Now to benchmark your code you need a tool to run the analysis, it's called hyperfine {{< cite "peterHyperfine2023" >}}. Il faut installer hyperfine pour faire le benchmark : https://github.com/sharkdp/hyperfine
To code bellow will run a benchmark with the hyperfine
tool.
To use this tool, you need to install it and have in your path.
hyperfine --warmup=3 './leibniz_c' './leibniz_zig' './leibniz_simd_zig' -i -N
If you run the benchmark in your computer, you can see the result in the block upper.

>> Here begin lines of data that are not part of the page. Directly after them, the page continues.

(* Let $n \geq 3$ and let $\Omega = \bigcap_{m=0}^q \{u_m \leq 0\} \subset \mathbb{R}^n$ be a compact convex polytope with non-empty interior satisfying the standing assumptions described in the context. Then there exists a constant $\Lambda > 1$ with the following property: whenever $x \in \Omega$ and $a_0,\dots,a_q$ are nonnegative real numbers such that $a_i = 0$ for all $0 \leq i \leq q$ with $u_i(x) \leq -2\Lambda^{-1}$, we have \[\sum_{i=0}^q a_i \leq \Lambda \, \Big| \sum_{i=0}^q a_i N_i \Big|.\]
   Context: Here $u_0,\dots,u_q$ are non-constant linear (affine) functions on $\mathbb{R}^n$ and $\Omega = \bigcap_{m=0}^q\{u_m\le 0\}$ is compact, convex, with non-empty interior. Standing assumptions: (a) for each $k$, the set $\{u_k>0\}\cap\bigcap_{m\neq k}\{u_m\le 0\}$ is non-empty; (b) the Euclidean gradient of each $u_k$ is a unit vector $N_k\in S^{n-1}$; (c) for $0\le j<k\le q$, if there exists $x\in\Omega$ with $u_j(x)=u_k(x)=0$, then $\langle N_j,N_k\rangle\le 0$. $|\cdot|$ denotes the Euclidean norm. *)

theory Defs
  imports "HOL-Analysis.Analysis"
begin

end

theory Submission
  imports Defs
begin

text \<open>If \<open>cball z r \<subseteq> \<Omega>\<close>, then \<open>u\<^sub>i(z) \<le> -r\<close> for
  every \<open>i\<close>, so each normal \<open>N\<^sub>i\<close> with \<open>u\<^sub>i(x) > -r/2\<close> satisfies \<open>N\<^sub>i \<bullet> (x - z) \<ge> r/2\<close>.
  Pairing \<open>\<Sum> a\<^sub>i N\<^sub>i\<close> with \<open>x - z\<close> then gives \<open>(r/2) \<Sum> a\<^sub>i \<le> |\<Sum> a\<^sub>i N\<^sub>i| |x - z|\<close>, and
  \<open>|x - z|\<close> is bounded on \<open>\<Omega>\<close>.\<close>

lemma inner_le_neg_radius_if_cball_subset_halfspace:
  fixes N z :: "'a::real_inner"
  assumes "cball z r \<subseteq> {x. N \<bullet> x + c \<le> 0}" and "norm N = 1" and "r \<ge> 0"
  shows "N \<bullet> z + c \<le> - r"
proof -
  have "z + r *\<^sub>R N \<in> cball z r"
    using assms(2,3) by (simp add: dist_norm)
  then have "N \<bullet> (z + r *\<^sub>R N) + c \<le> 0"
    using assms(1) by blast
  moreover have "N \<bullet> N = 1"
    using assms(2) by (simp add: norm_eq_sqrt_inner)
  ultimately show ?thesis
    by (simp add: inner_add_right)
qed

lemma sum_mult_le_norm_sum_scaleR:
  fixes N :: "'i \<Rightarrow> 'a::real_inner"
  assumes nonneg: "\<And>i. i \<in> I \<Longrightarrow> a i \<ge> 0"
    and bounded_below: "\<And>i. i \<in> I \<Longrightarrow> a i \<noteq> 0 \<Longrightarrow> N i \<bullet> v \<ge> \<delta>"
  shows "\<delta> * (\<Sum>i\<in>I. a i) \<le> norm (\<Sum>i\<in>I. a i *\<^sub>R N i) * norm v"
proof -
  have "\<delta> * (\<Sum>i\<in>I. a i) = (\<Sum>i\<in>I. a i * \<delta>)"
    by (simp add: sum_distrib_left mult.commute)
  also have "\<dots> \<le> (\<Sum>i\<in>I. a i * (N i \<bullet> v))"
    using nonneg bounded_below by (intro sum_mono) (metis mult_left_mono mult_zero_left order_refl)
  also have "\<dots> = (\<Sum>i\<in>I. a i *\<^sub>R N i) \<bullet> v"
    by (simp add: inner_sum_left)
  also have "\<dots> \<le> norm (\<Sum>i\<in>I. a i *\<^sub>R N i) * norm v"
    by (rule norm_cauchy_schwarz)
  finally show ?thesis .
qed

lemma nearly_active_normals_sum_le:
  fixes N :: "'i \<Rightarrow> 'a::real_inner"
  assumes ball: "cball z r \<subseteq> {y. \<forall>i\<in>I. N i \<bullet> y + c i \<le> 0}" and "r \<ge> 0"
    and unit: "\<And>i. i \<in> I \<Longrightarrow> norm (N i) = 1"
    and nonneg: "\<And>i. i \<in> I \<Longrightarrow> a i \<ge> 0"
    and nearly_active: "\<And>i. i \<in> I \<Longrightarrow> a i \<noteq> 0 \<Longrightarrow> N i \<bullet> x + c i \<ge> - r / 2"
  shows "r / 2 * (\<Sum>i\<in>I. a i) \<le> norm (\<Sum>i\<in>I. a i *\<^sub>R N i) * norm (x - z)"
proof (rule sum_mult_le_norm_sum_scaleR)
  fix i assume i: "i \<in> I" and "a i \<noteq> 0"
  have "cball z r \<subseteq> {y. N i \<bullet> y + c i \<le> 0}"
    using ball i by auto
  then have "N i \<bullet> z + c i \<le> - r"
    using i unit \<open>r \<ge> 0\<close> by (intro inner_le_neg_radius_if_cball_subset_halfspace) auto
  then show "N i \<bullet> (x - z) \<ge> r / 2"
    using nearly_active[OF i \<open>a i \<noteq> 0\<close>] by (simp add: inner_diff_right)
qed (use nonneg in auto)

theorem lemma2p3:
  fixes u :: "nat \<Rightarrow> 'a::euclidean_space \<Rightarrow> real"
    and N :: "nat \<Rightarrow> 'a" and b :: "nat \<Rightarrow> real" and q :: nat
    and \<Omega> :: "'a set"
  assumes dim: "DIM('a) \<ge> 3"
    and affine_u: "\<And>k x. k \<le> q \<Longrightarrow> u k x = N k \<bullet> x + b k"
    and unit_N: "\<And>k. k \<le> q \<Longrightarrow> norm (N k) = 1"
    and Omega_def: "\<Omega> = {x. \<forall>m\<le>q. u m x \<le> 0}"
    and compact: "compact \<Omega>" and convex: "convex \<Omega>"
    and interior: "interior \<Omega> \<noteq> {}"
    and irredundant: "\<And>k. k \<le> q \<Longrightarrow>
        \<exists>x. u k x > 0 \<and> (\<forall>m\<le>q. m \<noteq> k \<longrightarrow> u m x \<le> 0)"
    and angle: "\<And>j k. j < k \<Longrightarrow> k \<le> q \<Longrightarrow>
        (\<exists>x\<in>\<Omega>. u j x = 0 \<and> u k x = 0) \<Longrightarrow> N j \<bullet> N k \<le> 0"
  shows "\<exists>\<Lambda>::real. \<Lambda> > 1 \<and>
     (\<forall>x\<in>\<Omega>. \<forall>a::nat \<Rightarrow> real.
        (\<forall>i\<le>q. a i \<ge> 0) \<longrightarrow>
        (\<forall>i\<le>q. u i x \<le> -2 / \<Lambda> \<longrightarrow> a i = 0) \<longrightarrow>
        (\<Sum>i\<le>q. a i) \<le> \<Lambda> * norm (\<Sum>i\<le>q. a i *\<^sub>R N i))"
proof -
  obtain z r where r: "r > 0" and ball: "cball z r \<subseteq> \<Omega>"
    using interior mem_interior_cball by blast
  have halfspaces: "\<Omega> = {y. \<forall>i\<in>{..q}. N i \<bullet> y + b i \<le> 0}"
    using Omega_def affine_u by auto
  obtain D where D: "\<And>x. x \<in> \<Omega> \<Longrightarrow> norm (x - z) \<le> D"
    using compact_imp_bounded[OF compact] by (metis bounded_any_center dist_norm dist_commute)
  have "z \<in> \<Omega>"
    using ball r centre_in_cball[of z r] by (auto simp del: centre_in_cball)
  then have "D \<ge> 0"
    using D[of z] by simp
  define \<Lambda> where "\<Lambda> = 1 + 2 * (2 + D) / r"
  have \<Lambda>: "\<Lambda> > 1" "2 / \<Lambda> \<le> r / 2" "D \<le> \<Lambda> * (r / 2)"
    using r \<open>D \<ge> 0\<close> by (auto simp: \<Lambda>_def field_simps)
  show ?thesis
  proof (intro exI conjI ballI allI impI)
    fix x and a :: "nat \<Rightarrow> real"
    assume x: "x \<in> \<Omega>" and nonneg: "\<forall>i\<le>q. a i \<ge> 0"
      and inactive: "\<forall>i\<le>q. u i x \<le> -2 / \<Lambda> \<longrightarrow> a i = 0"
    have "N i \<bullet> x + b i \<ge> - r / 2" if "i \<le> q" "a i \<noteq> 0" for i
      using that inactive affine_u \<Lambda>(2) by force
    then have "r / 2 * (\<Sum>i\<le>q. a i) \<le> norm (\<Sum>i\<le>q. a i *\<^sub>R N i) * norm (x - z)"
      using ball r nonneg unit_N unfolding halfspaces
      by (intro nearly_active_normals_sum_le) auto
    also have "\<dots> \<le> norm (\<Sum>i\<le>q. a i *\<^sub>R N i) * (\<Lambda> * (r / 2))"
      using D[OF x] \<Lambda>(3) by (intro mult_left_mono) auto
    finally show "(\<Sum>i\<le>q. a i) \<le> \<Lambda> * norm (\<Sum>i\<le>q. a i *\<^sub>R N i)"
      using r by (simp add: mult.commute mult.left_commute)
  qed (use \<Lambda> in auto)
qed

end
theory Submission
  imports Defs "HOL-Combinatorics.Multiset_Permutations"
begin

(* Writing the amplitude as a permanent and expanding |per A|^2 = per A * cnj (per A) as a
   double sum over permutations sigma, rho, the diagonal rho = id is exactly the
   distinguishable-particle permanent, so |P(t) - P_a(t)| is bounded by the moduli of the
   off-diagonal terms. Summing over patterns with weight 1/t! turns sums over permutations of
   the list of detected modes into a sum over all mode assignments j in [M]^N, because an
   assignment with pattern t arises from exactly t! permutations. Grouping the off-diagonal
   rho by their set I of moved points, the modes of the photons outside I sum out to 1 by
   unitarity, and restricting rho to I bounds what is left by the product of the C_i. *)

section \<open>Permanents\<close>

definition permanent :: "nat \<Rightarrow> (nat \<Rightarrow> nat \<Rightarrow> 'a::comm_semiring_1) \<Rightarrow> 'a" where
  "permanent n A = (\<Sum>\<sigma>\<in>{\<sigma>. \<sigma> permutes {..<n}}. \<Prod>j<n. A (\<sigma> j) j)"

lemma cnj_permanent_reindex:
  fixes A :: "nat \<Rightarrow> nat \<Rightarrow> complex"
  assumes "\<sigma> permutes {..<n}"
  shows "cnj (permanent n A) = (\<Sum>\<rho>\<in>{\<rho>. \<rho> permutes {..<n}}. \<Prod>i<n. cnj (A (\<sigma> i) (\<rho> i)))"
proof -
  define T where "T \<tau> = (\<Prod>j<n. cnj (A (\<tau> j) j))" for \<tau>
  have "cnj (permanent n A) = (\<Sum>\<tau>\<in>{\<tau>. \<tau> permutes {..<n}}. T \<tau>)"
    by (simp add: permanent_def T_def)
  also have "\<dots> = (\<Sum>\<tau>\<in>{\<tau>. \<tau> permutes {..<n}}. T (\<sigma> \<circ> \<tau>))"
    by (rule setum_permutations_compose_left[OF assms])
  also have "\<dots> = (\<Sum>\<rho>\<in>{\<rho>. \<rho> permutes {..<n}}. T (\<sigma> \<circ> inv \<rho>))"
    by (rule sum_permutations_inverse)
  also have "\<dots> = (\<Sum>\<rho>\<in>{\<rho>. \<rho> permutes {..<n}}. \<Prod>i<n. cnj (A (\<sigma> i) (\<rho> i)))"
  proof (rule sum.cong[OF refl])
    fix \<rho> assume "\<rho> \<in> {\<rho>. \<rho> permutes {..<n}}"
    then have \<rho>: "\<rho> permutes {..<n}" by simp
    have "T (\<sigma> \<circ> inv \<rho>) = (\<Prod>i<n. cnj (A (\<sigma> (inv \<rho> (\<rho> i))) (\<rho> i)))"
      unfolding T_def using prod.permute[OF \<rho>] by (simp add: o_def)
    then show "T (\<sigma> \<circ> inv \<rho>) = (\<Prod>i<n. cnj (A (\<sigma> i) (\<rho> i)))"
      using permutes_inverses(2)[OF \<rho>] by simp
  qed
  finally show ?thesis .
qed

3.4. ARM benchmark example
We made the same benchmark but for an arm CPU, here are the compilers's options used. The target is a nanopi neo plus 2.
aarch64-buildroot-linux-gnu-gcc leibniz.c -o leibniz_c -O3 -march=armv8-a -mtune=cortex-a53 -s -fno-signed-zeros -fno-trapping-math -fassociative-math zig build-exe leibniz_smid.zig -OReleaseFast -femit-bin=leibniz_zig_simd_aarch -target aarch64-native -mcpu cortex_a53 -fstrip zig build-exe leibniz.zig -OReleaseFast -femit-bin=leibniz_zig_aarch -target aarch64-native -mcpu cortex_a53 -fstrip
On our arm target we cannot execute hyperfine
, we measure 8 times the each program and we made statistics.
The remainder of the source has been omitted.